(Stored data begins)
lemma left_quasi_duo_radical:
  assumes lqd: "left_quasi_duo TYPE('a::ring_1)"
    and x: "\<forall>L::'a set. maximal_left_ideal L \<longrightarrow> x \<in> L"
  shows "x \<in> jacobson"
  unfolding jacobson_def
proof (rule InterI, rule ccontr, simp)
  fix M :: "'a set"
  assume M: "maximal_right_ideal M" and "x \<notin> M"
  then obtain m t where m: "m \<in> M" and one: "1 = m + x * t"
    using right.max_rideal_comaximal by blast
  have "\<forall>L::'a set. maximal_left_ideal L \<longrightarrow> x * t \<in> L"
    using lqd x two_sided_ideal_mult_right unfolding left_quasi_duo_def by blast
  then obtain v where "(1 - x * t) * v = 1"
    using left.radical_unit by blast
  moreover have "m = 1 - x * t" using one by (simp add: eq_diff_eq)
  ultimately have "m * v = 1" by simp
  moreover have "m * v \<in> M"
    using M m by (simp add: maximal_right_ideal_def right_ideal_def)
  ultimately show False using right.max_rideal_one[OF M] by simp
qed

lemma right_quasi_duo_exchange_feckly_clean:
  assumes rqd: "right_quasi_duo TYPE('a::ring_1)" and exchange: "exchange_ring TYPE('a)"
  shows "feckly_clean TYPE('a)"
proof (rule feckly_clean_from_ideal_family[OF exchange, of "{M. maximal_right_ideal M}"])
  have two_sided: "maximal_right_ideal M \<Longrightarrow> two_sided_ideal M" for M :: "'a set"
    using rqd unfolding right_quasi_duo_def by blast
  show "two_sided_ideal M \<and> 1 \<notin> M" if "M \<in> {M. maximal_right_ideal M}" for M :: "'a set"
    using that two_sided right.max_rideal_one by auto
  show "e \<in> M \<or> 1 - e \<in> M" if "M \<in> {M. maximal_right_ideal M}" "e * e = e" for M :: "'a set" and e
    using that by (intro right.max_rideal_idempotent) (auto intro: two_sided two_sided_ideal_mult_left)
  show "\<exists>M\<in>{M. maximal_right_ideal M}. I \<subseteq> M" if "two_sided_ideal I" "1 \<notin> I" for I :: "'a set"
    using that right.exists_max_rideal unfolding two_sided_ideal_def by blast
  show "\<Inter> {M. maximal_right_ideal M} \<subseteq> (jacobson :: 'a set)"
    by (simp add: jacobson_def)
qed

lemma left_quasi_duo_exchange_feckly_clean:
  assumes lqd: "left_quasi_duo TYPE('a::ring_1)" and exchange: "exchange_ring TYPE('a)"
  shows "feckly_clean TYPE('a)"
proof (rule feckly_clean_from_ideal_family[OF exchange, of "{M. maximal_left_ideal M}"])
  have two_sided: "maximal_left_ideal M \<Longrightarrow> two_sided_ideal M" for M :: "'a set"
    using lqd unfolding left_quasi_duo_def by blast
  show "two_sided_ideal M \<and> 1 \<notin> M" if "M \<in> {M. maximal_left_ideal M}" for M :: "'a set"
    using that two_sided left.max_rideal_one by auto
  show "e \<in> M \<or> 1 - e \<in> M" if "M \<in> {M. maximal_left_ideal M}" "e * e = e" for M :: "'a set" and e
    using that by (intro left.max_rideal_idempotent) (auto intro: two_sided two_sided_ideal_mult_right)
  show "\<exists>M\<in>{M. maximal_left_ideal M}. I \<subseteq> M" if "two_sided_ideal I" "1 \<notin> I" for I :: "'a set"
    using that left.exists_max_rideal unfolding two_sided_ideal_def by blast
  show "\<Inter> {M. maximal_left_ideal M} \<subseteq> (jacobson :: 'a set)"
    using left_quasi_duo_radical[OF lqd] by blast
qed

theorem theorem4p5:
  shows "(right_quasi_duo TYPE('a::ring_1) \<and> exchange_ring TYPE('a) \<longrightarrow> feckly_clean TYPE('a))
       \<and> (left_quasi_duo TYPE('a) \<and> exchange_ring TYPE('a) \<longrightarrow> feckly_clean TYPE('a))"
  using right_quasi_duo_exchange_feckly_clean left_quasi_duo_exchange_feckly_clean by blast

end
(Stored data ends)
→ Work instruction: The lines from the one holding "TYPE('a::ring_1) \<and> exchange_ring" to the end of the entries are to be repeated exactly, with both ends included and nothing else.

→ Task result:
  shows "(right_quasi_duo TYPE('a::ring_1) \<and> exchange_ring TYPE('a) \<longrightarrow> feckly_clean TYPE('a))
       \<and> (left_quasi_duo TYPE('a) \<and> exchange_ring TYPE('a) \<longrightarrow> feckly_clean TYPE('a))"
  using right_quasi_duo_exchange_feckly_clean left_quasi_duo_exchange_feckly_clean by blast

end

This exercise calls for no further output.